Why are you passionate about conservation?
It all started with my father. He was a German immigrant who grew up in the Black Forest and felt at home in the neighboring woodlands. He wanted me to feel the same way and made sure nature wasn’t just something I read about in books. We spent a lot of time outside together, including frequent trips to visit friends who lived near a lake outside the city. Because of my father, I had the opportunity to really connect with the world around me, which is why I’m so passionate about conservation today. I try to live my life in a way that helps the planet: I started beekeeping last year; I have made my gardens at home pollinator and bird friendly; and I support WWF.

Why do you feel connecting people and nature is important?
I was lucky to feel connected to nature at an early age, and as a result I have always cared about wildlife, the environment, and the future of the planet. I know many people haven’t had similar experiences and feel disconnected from the natural world. I hope, in some small way, my actions can help fix that problem. Getting people involved and encouraging them to make small changes in the way they live and the resources they use can also have an impact. Seemingly small changes—from minimizing the use of plastics to using energy efficiently—make a difference when embraced by many people. Each of us has the power to make good things happen.

What gives you hope for the future of our planet?

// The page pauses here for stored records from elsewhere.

lemma exp_le_quadratic:
  fixes x :: real
  assumes "\<bar>x\<bar> \<le> 1"
  shows "exp x \<le> 1 + x + x\<^sup>2"
proof (cases "x \<ge> 0")
  case True
  then show ?thesis using assms exp_bound by simp
next
  case False
  have "exp x = 1 / exp (- x)" by (simp add: exp_minus field_simps)
  also have "\<dots> \<le> 1 / (1 - x)"
    using False exp_minus_ge[of x] by (intro divide_left_mono) auto
  also have "\<dots> \<le> 1 + x + x\<^sup>2"
  proof -
    have "1 \<le> (1 + x + x\<^sup>2) * (1 - x)"
      using False mult_nonpos_nonneg[of x "x * x"] by (simp add: algebra_simps power2_eq_square)
    then show ?thesis using False by (simp add: divide_le_eq)
  qed
  finally show ?thesis .
qed

lemma expect_prod_exp_centered_collision_stat_le:
  fixes h :: "'u \<Rightarrow> 'b"
  assumes U: "finite U" and q0: "\<forall>u\<in>U. q u \<ge> 0" and q1: "(\<Sum>u\<in>U. q u) = 1"
    and m: "m \<ge> 2" and "\<bar>\<eta>\<bar> \<le> 1"
  defines "K \<equiv> real (m div 2)" and "s \<equiv> collision_prob U q h"
  shows "expect_prod U q m (\<lambda>x. exp (\<eta> * K * (collision_stat h m x - s))) \<le> exp (K * s * \<eta>\<^sup>2)"
proof -
  have "K > 0" using m by (simp add: K_def)
  have "s \<ge> 0"
    unfolding s_def collision_prob_def using q0 by (intro sum_nonneg mult_nonneg_nonneg) auto
  have "(\<lambda>x. exp (\<eta> * K * (collision_stat h m x - s)))
      = (\<lambda>x. exp (- (\<eta> * K * s)) * exp (\<eta> * K * collision_stat h m x))"
    by (simp add: algebra_simps flip: exp_add)
  then have "expect_prod U q m (\<lambda>x. exp (\<eta> * K * (collision_stat h m x - s)))
      = exp (- (\<eta> * K * s)) * expect_prod U q m (\<lambda>x. exp (\<eta> * K * collision_stat h m x))"
    by (simp add: expect_prod_cmult)
  also have "\<dots> \<le> exp (- (\<eta> * K * s)) * exp (K * s * (exp \<eta> - 1))"
    using expect_prod_exp_collision_stat_le[OF U q0 q1 m, of "\<eta> * K" h] \<open>K > 0\<close>
    unfolding K_def s_def by (intro mult_left_mono) simp_all
  also have "\<dots> = exp (K * s * (exp \<eta> - 1 - \<eta>))"
    by (simp add: algebra_simps flip: exp_add)
  also have "\<dots> \<le> exp (K * s * \<eta>\<^sup>2)"
    using exp_le_quadratic[OF \<open>\<bar>\<eta>\<bar> \<le> 1\<close>] \<open>K > 0\<close> \<open>s \<ge> 0\<close> by (simp add: mult_left_mono)
  finally show ?thesis .
qed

I’ve traveled across all seven continents, from Africa to Antarctica to the forests of Pennsylvania. I have seen how people light up when they connect with nature. Not only that, but there’s a groundswell of good intent to protect our planet. On social media and other platforms, grassroots movements are mobilizing thousands in support of conservation. We are not apathetic. We do care about the fate of nature, and we’re taking action to protect it.